Try it: Of all the lines in these entries, count those that contain "True" and give only the total.

Segment Open

(* Let $T,S:X\rightrightarrows X^*$ be pseudomonotone operators with $T\subset S$. If $T$ is pre-maximal pseudomonotone, then $S$ is pre-maximal pseudomonotone and $T^\rho=S^\rho$.
   Context: $X$ is a real Banach space with dual $X^*$ and pairing $\langle x,x^*\rangle=x^*(x)$. A multivalued operator $T:X\rightrightarrows X^*$ is identified with its graph $T\subset X\times X^*$. For $(x,x^* ),(y,y^* )\in X\times X^*$, write $(x,x^* )\sim_p(y,y^* )$ if either $\min\{\langle x-y,y^*\rangle,\langle y-x,x^*\rangle\}<0$ or $\langle x-y,y^*\rangle=\langle y-x,x^*\rangle=0$. The pseudomonotone polar of $T$ is $T^\rho=\{(x,x^* )\in X\times X^*: (x,x^* )\sim_p(y,y^* )\ \forall (y,y^* )\in T\}$. $T$ is pseudomonotone if for all $(x,x^* ),(y,y^* )\in T$, $\langle y-x,x^*\rangle\ge0$ implies $\langle y-x,y^*\rangle\ge0$. $T$ is pre-maximal pseudomonotone if both $T$ and $T^\rho$ are pseudomonotone. *)

theory Defs
  imports "HOL-Analysis.Analysis"
begin

text \<open>A multivalued operator is identified with its graph, a subset of X \<times> X*.\<close>

definition pairing :: "'a::banach \<Rightarrow> ('a \<Rightarrow>\<^sub>L real) \<Rightarrow> real" where
  "pairing x xs = blinfun_apply xs x"

definition prel :: "('a::banach \<times> ('a \<Rightarrow>\<^sub>L real)) \<Rightarrow> ('a \<times> ('a \<Rightarrow>\<^sub>L real)) \<Rightarrow> bool" where
  "prel p q = (let (x, xs) = p; (y, ys) = q in
     min (pairing (x - y) ys) (pairing (y - x) xs) < 0 \<or>
     (pairing (x - y) ys = 0 \<and> pairing (y - x) xs = 0))"

definition ppolar :: "('a::banach \<times> ('a \<Rightarrow>\<^sub>L real)) set \<Rightarrow> ('a \<times> ('a \<Rightarrow>\<^sub>L real)) set" where
  "ppolar T = {p. \<forall>q\<in>T. prel p q}"

definition pseudomonotone :: "('a::banach \<times> ('a \<Rightarrow>\<^sub>L real)) set \<Rightarrow> bool" where
  "pseudomonotone T = (\<forall>x xs y ys. (x, xs) \<in> T \<longrightarrow> (y, ys) \<in> T \<longrightarrow>
     pairing (y - x) xs \<ge> 0 \<longrightarrow> pairing (y - x) ys \<ge> 0)"

definition pre_maximal_pseudomonotone :: "('a::banach \<times> ('a \<Rightarrow>\<^sub>L real)) set \<Rightarrow> bool" where
  "pre_maximal_pseudomonotone T = (pseudomonotone T \<and> pseudomonotone (ppolar T))"

end

theory Submission
  imports Defs
begin

text \<open>Any two elements of a pseudomonotone set are related by \<open>\<sim>\<^sub>p\<close>, so a pseudomonotone
  \<open>S \<supseteq> T\<close> lies in \<open>T\<^sup>\<rho>\<close>. Every element of \<open>T\<^sup>\<rho>\<close> is then related to every element of \<open>S\<close>,
  because \<open>T\<^sup>\<rho>\<close> is pseudomonotone; hence \<open>T\<^sup>\<rho> \<subseteq> S\<^sup>\<rho>\<close>, and the reverse inclusion is
  antitonicity of the polar.\<close>

lemma pairing_minus_commute: "pairing (x - y) xs = - pairing (y - x) xs"
  unfolding pairing_def by (simp add: blinfun.diff_right)

lemma pseudomonotone_prel:
  assumes "pseudomonotone A" and "p \<in> A" and "q \<in> A"
  shows "prel p q"
proof -
  obtain x xs y ys where pq: "p = (x, xs)" "q = (y, ys)" by fastforce
  have "pairing (y - x) xs \<ge> 0 \<longrightarrow> pairing (y - x) ys \<ge> 0"
    and "pairing (x - y) ys \<ge> 0 \<longrightarrow> pairing (x - y) xs \<ge> 0"
    using assms unfolding pq pseudomonotone_def by blast+
  then show ?thesis
    unfolding pq prel_def
    using pairing_minus_commute[of x y ys] pairing_minus_commute[of x y xs]
    by (auto simp: min_def)
qed

lemma pseudomonotone_subset_ppolar:
  assumes "pseudomonotone A" and "B \<subseteq> A"
  shows "A \<subseteq> ppolar B"
  using assms pseudomonotone_prel unfolding ppolar_def by blast

lemma ppolar_antimono: "A \<subseteq> B \<Longrightarrow> ppolar B \<subseteq> ppolar A"
  unfolding ppolar_def by blast

lemma ppolar_eq_if_subset_ppolar:
  assumes "pseudomonotone (ppolar T)" and "T \<subseteq> S" and "S \<subseteq> ppolar T"
  shows "ppolar S = ppolar T"
proof
  show "ppolar S \<subseteq> ppolar T" using \<open>T \<subseteq> S\<close> by (rule ppolar_antimono)
  show "ppolar T \<subseteq> ppolar S"
    using pseudomonotone_subset_ppolar[OF assms(1,3)] .
qed

theorem mainTheorem11:
  fixes T S :: "('a::banach \<times> ('a \<Rightarrow>\<^sub>L real)) set"
  assumes "pseudomonotone T" and "pseudomonotone S" and "T \<subseteq> S"
    and "pre_maximal_pseudomonotone T"
  shows "pre_maximal_pseudomonotone S \<and> ppolar T = ppolar S"
proof -
  have polar_T: "pseudomonotone (ppolar T)"
    using assms(4) unfolding pre_maximal_pseudomonotone_def by blast
  have "ppolar S = ppolar T"
    using polar_T assms(3) pseudomonotone_subset_ppolar[OF assms(2,3)]
    by (rule ppolar_eq_if_subset_ppolar)
  then show ?thesis
    using polar_T assms(2) unfolding pre_maximal_pseudomonotone_def by simp
qed

end
lemma finite_out_cands: "finite (out_cands R \<gamma> A)"
proof (rule finite_subset)
  show "out_cands R \<gamma> A \<subseteq> {\<alpha>. set \<alpha> \<subseteq> UNIV \<and> length \<alpha> \<le> bnorm R (A # \<gamma>)}"
    using out_cands_length_le by blast
qed (use finite_lists_length_le[OF finite_UNIV, of "bnorm R (A # \<gamma>)"] in simp)

lemma out_cands_nonempty: "out_cands R \<gamma> A \<noteq> {}"
proof (cases "bbisim R (A # \<gamma>) \<gamma>")
  case True
  then have "[] \<in> out_cands R \<gamma> A" using bbisim_sym by (simp add: out_cands_def)
  then show ?thesis by blast
next
  case False
  then have "[A] \<in> out_cands R \<gamma> A" by (simp add: out_cands_def redfree_Cons bbisim_refl)
  then show ?thesis by blast
qed

lemma longest_cands_nonempty: "longest_cands R \<gamma> A \<noteq> {}"
proof -
  let ?C = "out_cands R \<gamma> A"
  have "Max (length ` ?C) \<in> length ` ?C"
    using finite_out_cands out_cands_nonempty by (intro Max_in) auto
  then obtain \<alpha> where "\<alpha> \<in> ?C" "length \<alpha> = Max (length ` ?C)" by auto
  then have "\<alpha> \<in> longest_cands R \<gamma> A"
    using finite_out_cands by (simp add: longest_cands_def)
  then show ?thesis by blast
qed

lemma canon_out_least_longest:
  "canon_out R \<gamma> A \<in> longest_cands R \<gamma> A \<and>
   (\<forall>\<beta>\<in>longest_cands R \<gamma> A. \<beta> \<noteq> canon_out R \<gamma> A \<longrightarrow> lexless (canon_out R \<gamma> A) \<beta>)"
proof -
  have "finite (longest_cands R \<gamma> A)"
    using finite_out_cands by (simp add: longest_cands_def)
  moreover have "\<And>\<alpha> \<beta>. \<alpha> \<in> longest_cands R \<gamma> A \<Longrightarrow> \<beta> \<in> longest_cands R \<gamma> A \<Longrightarrow> length \<alpha> = length \<beta>"
    unfolding longest_cands_def by (simp add: le_antisym)
  ultimately show ?thesis
    unfolding canon_out_def by (rule theI'[OF lexless_least_ex1[OF _ longest_cands_nonempty]])
qed

lemma canon_out_in_out_cands: "canon_out R \<gamma> A \<in> out_cands R \<gamma> A"
  using canon_out_least_longest by (simp add: longest_cands_def)

lemma out_cands_length_le_canon_out: "\<beta> \<in> out_cands R \<gamma> A \<Longrightarrow> length \<beta> \<le> length (canon_out R \<gamma> A)"
  using canon_out_least_longest by (simp add: longest_cands_def)

lemma canon_out_lexless:
  "\<beta> \<in> out_cands R \<gamma> A \<Longrightarrow> length \<beta> = length (canon_out R \<gamma> A) \<Longrightarrow> \<beta> \<noteq> canon_out R \<gamma> A \<Longrightarrow>
    lexless (canon_out R \<gamma> A) \<beta>"
  using canon_out_least_longest[of \<gamma> A] out_cands_length_le_canon_out by (simp add: longest_cands_def)

end

section \<open>Uniqueness of prime normal forms\<close>

context
  fixes R :: "('v, 'a) bpa_rules"
begin

lemma tau_path_reaches_within:
  "tau_path R (bbisim_rel R) s t u \<Longrightarrow> Q s \<Longrightarrow> reaches_within R (\<lambda>y. \<exists>z. Q z \<and> bbisim R z y) t u"
proof (induction rule: tau_path.induct)
  case (tp_step t u u')
  then show ?case by (blast intro: rtranclp.rtrancl_into_rtrancl)
qed simp
lemma sum_block_A0_indicator:
  assumes "0 < m" "x \<in> prod_blocks m n y"
  shows "(\<Sum>i<n. block_A0_indicator m i x) = real (card {i. i < n \<and> \<not> y i})"
proof -
  have "(\<Sum>i<n. block_A0_indicator m i x) = (\<Sum>i<n. of_bool (\<not> y i))"
    using block_A0_indicator_prod_blocks[OF assms] by simp
  also have "\<dots> = real (card ({..<n} \<inter> {i. \<not> y i}))"
    by simp
  also have "{..<n} \<inter> {i. \<not> y i} = {i. i < n \<and> \<not> y i}"
    by auto
  finally show ?thesis .
qed

lemma separating_polynomial_degree_half_n:
  assumes "0 < m" "0 < n" "even n"
  shows "\<exists>a. ml_degree (2*m*n) a = n div 2 + 1 \<and>
            (\<forall>x\<in>X1 m n. ml_eval (2*m*n) a x > 0) \<and>
            (\<forall>x\<in>X0 m n. ml_eval (2*m*n) a x = 0)"
proof -
  let ?k = "n div 2 + 1"
  have "1 * n \<le> (2*m) * n"
    using assms(1) by (intro mult_le_mono1) simp
  moreover have k: "2 \<le> ?k" "?k \<le> n"
    using assms(2,3) by (auto elim!: evenE)
  ultimately have "2 \<le> ?k" "?k \<le> 2*m*n"
    by linarith+
  from ml_degree_eq_on_prod_blocks[OF ml_expressible_esym_block_weights this]
  obtain a where a: "ml_degree (2*m*n) a = ?k"
      "\<And>y x. x \<in> prod_blocks m n y \<Longrightarrow> ml_eval (2*m*n) a x = esym_block_weights ?k m n x"
    by blast
  have "ml_eval (2*m*n) a x > 0" if "x \<in> X1 m n" for x
    using that a(2) esym_block_weights_pos[OF assms(1) k(2)] unfolding X1_def by simp
  moreover have "ml_eval (2*m*n) a x = 0" if x: "x \<in> X0 m n" for x
  proof -
    obtain y where y: "x \<in> prod_blocks m n y" "2 * card {i. i < n \<and> \<not> y i} = n"
      using x by (rule X0E)
    then show ?thesis
      using a(2)[OF y(1)] esym_block_weights_eq_0[OF y(1)] by simp
  qed
  ultimately show ?thesis
    using a(1) by blast
qed
(* Let $G$ be a finite simple undirected graph with adjacency matrix $A=\sum_{r=0}^d\theta_rE_r$ (spectral decomposition), and let $a,b$ be vertices. Let $w_1,\dots,w_k$ and integers $f^r_\ell$ be as in the context, so that $\theta_r=\sum_{\ell=1}^k f^r_\ell w_\ell$, and define $F:\mathbb{T}^k\to\mathbb{C}$ by $F(\overline{z})=\sum_{r=0}^d\langle a|E_r|b\rangle\,e^{\mathrm{i} f^r(\overline{z})}$. Then \[\sup_{t\ge 0}\big|\exp(\mathrm{i}tA)_{a,b}\big| = \lim_{m\to\infty}\left(\frac{1}{(2\pi)^k}\int_{\mathbb{T}^k}|F(\overline{z})|^m\,\mathrm{d}\overline{z}\right)^{1/m}.\]
   Context: Here $\theta_0,\dots,\theta_d$ are the distinct eigenvalues of $A$ and $E_r$ is the orthogonal projection onto the $\theta_r$-eigenspace. Fix real numbers $w_1,\dots,w_k$ that are linearly independent over $\mathbb{Q}$ and such that every $\theta_r$ is an integer linear combination $\theta_r=\sum_{\ell=1}^k f^r_\ell w_\ell$ with $f^r_\ell\in\mathbb{Z}$ (such a basis can be computed from an exact factorization of the characteristic polynomial over its splitting field via the Smith normal form). For $\overline{z}=(z_1,\dots,z_k)$ write $f^r(\overline{z})=\sum_{\ell=1}^k f^r_\ell z_\ell$. $\mathbb{T}^k=\mathbb{R}^k/2\pi\mathbb{Z}^k$ is the $k$-torus with Lebesgue measure $\mathrm{d}\overline{z}$. *)

theory Defs
  imports "HOL-Analysis.Analysis" "HOL-Probability.Probability"
begin

definition is_adjacency_matrix :: "real^'n^'n \<Rightarrow> bool" where
  "is_adjacency_matrix A \<longleftrightarrow>
     (\<forall>i j. A $ i $ j = 0 \<or> A $ i $ j = 1) \<and>
     (\<forall>i j. A $ i $ j = A $ j $ i) \<and> (\<forall>i. A $ i $ i = 0)"

definition is_spectral_decomposition ::
  "real^'n^'n \<Rightarrow> nat \<Rightarrow> (nat \<Rightarrow> real) \<Rightarrow> (nat \<Rightarrow> real^'n^'n) \<Rightarrow> bool" where
  "is_spectral_decomposition A d \<theta> E \<longleftrightarrow>
     inj_on \<theta> {0..d} \<and>
     (\<forall>r\<in>{0..d}. E r \<noteq> 0 \<and> transpose (E r) = E r \<and> E r ** E r = E r) \<and>
     (\<forall>r\<in>{0..d}. \<forall>s\<in>{0..d}. r \<noteq> s \<longrightarrow> E r ** E s = 0) \<and>
     (\<Sum>r\<in>{0..d}. E r) = mat 1 \<and>
     A = (\<Sum>r\<in>{0..d}. \<theta> r *\<^sub>R E r)"

definition rat_lin_indep :: "nat \<Rightarrow> (nat \<Rightarrow> real) \<Rightarrow> bool" where
  "rat_lin_indep k w \<longleftrightarrow>
     (\<forall>c :: nat \<Rightarrow> rat. (\<Sum>l<k. of_rat (c l) * w l) = 0 \<longrightarrow> (\<forall>l<k. c l = 0))"

primrec cmat_pow :: "complex^'n^'n \<Rightarrow> nat \<Rightarrow> complex^'n^'n" where
  "cmat_pow M 0 = mat 1"
| "cmat_pow M (Suc n) = M ** cmat_pow M n"

definition cmat_exp :: "complex^'n^'n \<Rightarrow> complex^'n^'n" where
  "cmat_exp M = (\<chi> i j. \<Sum>n. cmat_pow M n $ i $ j / of_nat (fact n))"

definition itA :: "real \<Rightarrow> real^'n^'n \<Rightarrow> complex^'n^'n" where
  "itA t A = (\<chi> i j. \<i> * complex_of_real t * complex_of_real (A $ i $ j))"

end

theory Submission
  imports Defs
begin

(* The amplitude exp(itA)_{ab} = sum_r <a|E_r|b> e^{i t theta_r} is the value of F on the
   line t w = (t w_1, ..., t w_k).  Because the w_l are linearly independent over Q, Kronecker's
   theorem makes this line dense modulo 2 pi, and F is Lipschitz, so the supremum S of the
   amplitude over t >= 0 bounds |F| on the whole torus (negative t reduce to positive ones by
   complex conjugation, the coefficients <a|E_r|b> being real).  Conversely |F| exceeds S - eps
   on a small box of positive measure, and for such a function the normalised L^m norms
   (vol^{-1} int |F|^m)^{1/m} converge to S. *)

section \<open>Spectral form of the walk amplitude\<close>

lemma cmat_pow_itA_spectral:
  assumes "is_spectral_decomposition A d \<theta> E"
  shows "cmat_pow (itA t A) n $ i $ j =
           (\<Sum>r\<in>{0..d}. (\<i> * of_real (t * \<theta> r)) ^ n * of_real (E r $ i $ j))"
proof (induction n arbitrary: i j)
  case 0
  from assms have "(\<Sum>r\<in>{0..d}. E r) $ i $ j = mat 1 $ i $ j"
    by (simp add: is_spectral_decomposition_def)
  then have "(\<Sum>r\<in>{0..d}. E r $ i $ j) = (if i = j then 1 else 0)"
    by (simp add: mat_def sum_component)
  then show ?case by (simp add: mat_def flip: of_real_sum)
next
  case (Suc n)
  let ?x = "\<lambda>r. \<i> * of_real (t * \<theta> r)"
  have orth: "(\<Sum>k\<in>UNIV. E s $ i $ k * E r $ k $ j) = (if s = r then E r $ i $ j else 0)"
    if "s \<in> {0..d}" "r \<in> {0..d}" for s r i j
  proof -
    have "(\<Sum>k\<in>UNIV. E s $ i $ k * E r $ k $ j) = (E s ** E r) $ i $ j"
      by (simp add: matrix_matrix_mult_def)
    then show ?thesis using assms that unfolding is_spectral_decomposition_def by auto
  qed
  have entry: "itA t A $ i $ k = (\<Sum>s\<in>{0..d}. ?x s * of_real (E s $ i $ k))" for i k
  proof -
    have "A $ i $ k = (\<Sum>s\<in>{0..d}. \<theta> s * E s $ i $ k)"
      using assms unfolding is_spectral_decomposition_def by (simp add: sum_component)
    then show ?thesis by (simp add: itA_def sum_distrib_left algebra_simps)
  qed
  have "cmat_pow (itA t A) (Suc n) $ i $ j =
          (\<Sum>k\<in>UNIV. itA t A $ i $ k * cmat_pow (itA t A) n $ k $ j)"
    by (simp add: matrix_matrix_mult_def)
  also have "\<dots> = (\<Sum>k\<in>UNIV. \<Sum>s\<in>{0..d}. \<Sum>r\<in>{0..d}.
                       ?x s * ?x r ^ n * (of_real (E s $ i $ k) * of_real (E r $ k $ j)))"
    by (simp add: entry Suc.IH sum_product mult_ac)
  also have "\<dots> = (\<Sum>s\<in>{0..d}. \<Sum>r\<in>{0..d}.
                       ?x s * ?x r ^ n * of_real (\<Sum>k\<in>UNIV. E s $ i $ k * E r $ k $ j))"
    by (simp only: sum.swap[of _ UNIV] sum_distrib_left of_real_sum of_real_mult)
  also have "\<dots> = (\<Sum>s\<in>{0..d}. \<Sum>r\<in>{0..d}. if s = r then ?x r ^ Suc n * of_real (E r $ i $ j) else 0)"
    by (intro sum.cong refl) (simp add: orth)
  also have "\<dots> = (\<Sum>r\<in>{0..d}. ?x r ^ Suc n * of_real (E r $ i $ j))"
    by (simp add: sum.delta)
  finally show ?case .
qed

lemma cmat_exp_itA_spectral:
  assumes "is_spectral_decomposition A d \<theta> E"
  shows "cmat_exp (itA t A) $ i $ j = (\<Sum>r\<in>{0..d}. of_real (E r $ i $ j) * iexp (t * \<theta> r))"
proof -
  have "(\<lambda>n. x ^ n / of_nat (fact n)) sums exp x" for x :: complex
    using exp_converges[of x] by (simp add: scaleR_conv_of_real divide_inverse mult.commute)
  then have "(\<lambda>n. \<Sum>r\<in>{0..d}. (\<i> * of_real (t * \<theta> r)) ^ n / of_nat (fact n) *
                       of_real (E r $ i $ j))
               sums (\<Sum>r\<in>{0..d}. iexp (t * \<theta> r) * of_real (E r $ i $ j))"
    by (intro sums_sum sums_mult2)
  then have "(\<lambda>n. cmat_pow (itA t A) n $ i $ j / of_nat (fact n))
               sums (\<Sum>r\<in>{0..d}. iexp (t * \<theta> r) * of_real (E r $ i $ j))"
    by (simp add: cmat_pow_itA_spectral[OF assms] sum_divide_distrib)
  then show ?thesis
    by (simp add: cmat_exp_def sums_iff mult.commute)
qed

section \<open>Trigonometric polynomials on the torus\<close>

definition trig_poly ::
    "'r set \<Rightarrow> ('r \<Rightarrow> real) \<Rightarrow> ('r \<Rightarrow> nat \<Rightarrow> int) \<Rightarrow> nat \<Rightarrow> (nat \<Rightarrow> real) \<Rightarrow> complex"
  where "trig_poly R c f k z = (\<Sum>r\<in>R. complex_of_real (c r) * iexp (\<Sum>l<k. of_int (f r l) * z l))"
(* The restriction of the projection $\pi:R\to R(F,H)$, $u\mapsto u^\eta$, to the center $Z(R)$ is an algebra isomorphism of $Z(R)$ onto its image $W(F,H)=\pi(Z(R))\subseteq R(F,H)$.
   Context: Let $f\in\mathbb{C}[H]$ be a polynomial. $R=R(f)$ is the associative $\mathbb{C}$-algebra generated by $E,F,H$ with relations $EF-FE=f(H)$, $HE-EH=E$, $HF-FH=-F$; the monomials $F^iH^jE^k$ form a basis of $R$. Let $R(E)=\mathbb{C}[E]$ and $R(F,H)$ the subalgebra generated by $F,H$ (with basis $F^iH^j$). Let $u\in\mathbb{C}[H]$ satisfy $f(H)=\tfrac12(u(H+1)-u(H))$ and $\Omega=2FE+u(H+1)$; the center $Z(R)$ is the polynomial ring $\mathbb{C}[\Omega]$. Fix an algebra homomorphism $\eta:R(E)\to\mathbb{C}$ with $\eta(E)\neq0$ and let $R_\eta(E)=\ker\eta$. Then $R=R(F,H)\oplus R\,R_\eta(E)$ as vector spaces; for $u\in R$, $u^\eta=\pi(u)$ denotes its $R(F,H)$-component. *)

theory Defs
  imports "HOL-Computational_Algebra.Polynomial"
begin

text \<open>A unital associative complex algebra is modelled as a ring 'a together with
 a ring homomorphism sc from the complex numbers into the centre of 'a
 (scalar multiplication c.x is sc c * x).\<close>

definition complex_alg :: "(complex \<Rightarrow> 'a::ring_1) \<Rightarrow> bool" where
  "complex_alg sc \<longleftrightarrow>
     sc 0 = 0 \<and> sc 1 = 1 \<and>
     (\<forall>a b. sc (a + b) = sc a + sc b) \<and>
     (\<forall>a b. sc (a * b) = sc a * sc b) \<and>
     (\<forall>a x. sc a * x = x * sc a)"
lemma le_contr_outside_iff:
  assumes "C9 Bel contr" and "w1 \<notin> models a" and "w2 \<notin> models a"
  shows "le (contr \<Psi> a) w1 w2 \<longleftrightarrow> le \<Psi> w1 w2"
proof -
  have "fentails a (pair_fm w1 w2)" using assms(2,3) by (auto simp: fentails_def)
  then have "aeq (Neg (pair_fm w1 w2))
      (Bel (contr (contr \<Psi> a) (pair_fm w1 w2))) (Bel (contr \<Psi> (pair_fm w1 w2)))"
    using assms(1) by (simp add: C9_def)
  then show ?thesis unfolding aeq_def in_mods_contr_pair_iff[symmetric] by auto
qed

lemma minset_contr_imp_minset:
  assumes "C8 Bel contr" and "CR10 contr le"
    and "w \<in> models a" and w: "w \<in> minset S (le (contr \<Psi> a))"
  shows "w \<in> minset S (le \<Psi>)"
proof -
  have "le \<Psi> w w'" if "w' \<in> S" for w'
  proof (cases "w' \<in> models a")
    case True
    then show ?thesis using le_contr_inside_iff[OF assms(1,3) True] w that by (auto simp: minset_def)
  next
    case False
    with assms(2,3) have "strict (le \<Psi>) w' w \<longrightarrow> strict (le (contr \<Psi> a)) w' w"
      unfolding CR10_def by auto
    then show ?thesis using w that by (auto simp: minset_def strict_iff_not_le)
  qed
  then show ?thesis using w by (auto simp: minset_def)
qed

lemma minset_imp_minset_contr:
  assumes "C9 Bel contr" and "CR11 contr le"
    and "w \<notin> models a" and w: "w \<in> minset S (le \<Psi>)"
  shows "w \<in> minset S (le (contr \<Psi> a))"
proof -
  have "le (contr \<Psi> a) w w'" if "w' \<in> S" for w'
  proof (cases "w' \<in> models a")
    case True
    then show ?thesis using assms(2,3) w that unfolding CR11_def minset_def by auto
  next
    case False
    then show ?thesis using le_contr_outside_iff[OF assms(1,3) False] w that by (auto simp: minset_def)
  qed
  then show ?thesis using w by (auto simp: minset_def)
qed

lemma C10_if_CR10:
  assumes "C8 Bel contr" and "CR10 contr le"
  shows "C10 Bel contr"
  unfolding C10_def
proof (intro allI impI)
  fix \<Psi> a b g
  assume "fentails (Neg a) g" and "g \<in> Bel (contr \<Psi> b)"
  then have na: "- models a \<subseteq> models g"
    and b: "mods \<Psi> \<union> minset (- models b) (le \<Psi>) \<subseteq> models g"
    by (simp_all add: fentails_def Bel_iff mods_contr)
  have "mods (contr \<Psi> a) \<subseteq> models g" using na b by (auto simp: mods_contr minset_def)
  moreover have "minset (- models b) (le (contr \<Psi> a)) \<subseteq> models g"
    using minset_contr_imp_minset[OF assms] na b by blast
  ultimately show "g \<in> Bel (contr (contr \<Psi> a) b)" by (simp add: Bel_iff mods_contr[of "contr \<Psi> a"])
qed

lemma C11_if_CR11:
  assumes "C9 Bel contr" and "CR11 contr le"
  shows "C11 Bel contr"
  unfolding C11_def
proof (intro allI impI)
  fix \<Psi> a b g
  assume "fentails a g" and "g \<in> Bel (contr (contr \<Psi> a) b)"
  then have a: "models a \<subseteq> models g"
    and ab: "mods (contr \<Psi> a) \<union> minset (- models b) (le (contr \<Psi> a)) \<subseteq> models g"
    by (simp_all add: fentails_def Bel_iff mods_contr[of "contr \<Psi> a"])
  have "mods \<Psi> \<subseteq> models g" using ab by (auto simp: mods_contr)
  moreover have "minset (- models b) (le \<Psi>) \<subseteq> models g"
    using minset_imp_minset_contr[OF assms] a ab by blast
  ultimately show "g \<in> Bel (contr \<Psi> b)" by (simp add: Bel_iff mods_contr)
qed

text \<open>For the converses, contract by the pair formula and test the belief that excludes one world.\<close>

lemma CR10_if_C10:
  assumes "C10 Bel contr"
  shows "CR10 contr le"
  unfolding CR10_def
proof (intro allI impI)
  fix \<Psi> a w1 w2
  assume "w1 \<in> models (Neg a)" and w2: "w2 \<in> models a" and "strict (le \<Psi>) w1 w2"
  then have "form (- {w2}) \<in> Bel (contr \<Psi> (pair_fm w2 w1))"
    using in_mods_contr_pair_iff[of w2 \<Psi> w1] by (auto simp: Bel_iff strict_iff_not_le)
  moreover have "fentails (Neg a) (form (- {w2}))" using w2 by (auto simp: fentails_def)
  ultimately have "form (- {w2}) \<in> Bel (contr (contr \<Psi> a) (pair_fm w2 w1))"
    using assms by (auto simp: C10_def)
  then show "strict (le (contr \<Psi> a)) w1 w2"
    using in_mods_contr_pair_iff[of w2 "contr \<Psi> a" w1] by (auto simp: Bel_iff strict_iff_not_le)
qed

lemma CR11_if_C11:
  assumes "C11 Bel contr"
  shows "CR11 contr le"
  unfolding CR11_def
proof (intro allI impI)
  fix \<Psi> a w1 w2
  assume w1: "w1 \<in> models (Neg a)" and "w2 \<in> models a" and le: "le \<Psi> w1 w2"
  show "le (contr \<Psi> a) w1 w2"
  proof (rule ccontr)
    assume "\<not> le (contr \<Psi> a) w1 w2"
    then have "form (- {w1}) \<in> Bel (contr (contr \<Psi> a) (pair_fm w1 w2))"
      using in_mods_contr_pair_iff[of w1 "contr \<Psi> a" w2] by (auto simp: Bel_iff)
    moreover have "fentails a (form (- {w1}))" using w1 by (auto simp: fentails_def)
    ultimately have "form (- {w1}) \<in> Bel (contr \<Psi> (pair_fm w1 w2))"
      using assms by (auto simp: C11_def)
    then show False using in_mods_contr_pair_iff[of w1 \<Psi> w2] le by (auto simp: Bel_iff)
  qed
qed

lemma C10_C11_iff_CR10_CR11:
  assumes "C8 Bel contr" and "C9 Bel contr"
  shows "C10 Bel contr \<and> C11 Bel contr \<longleftrightarrow> CR10 contr le \<and> CR11 contr le"
  using assms C10_if_CR10 C11_if_CR11 CR10_if_C10 CR11_if_C11 by blast

end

Segment Closed

Response below: 4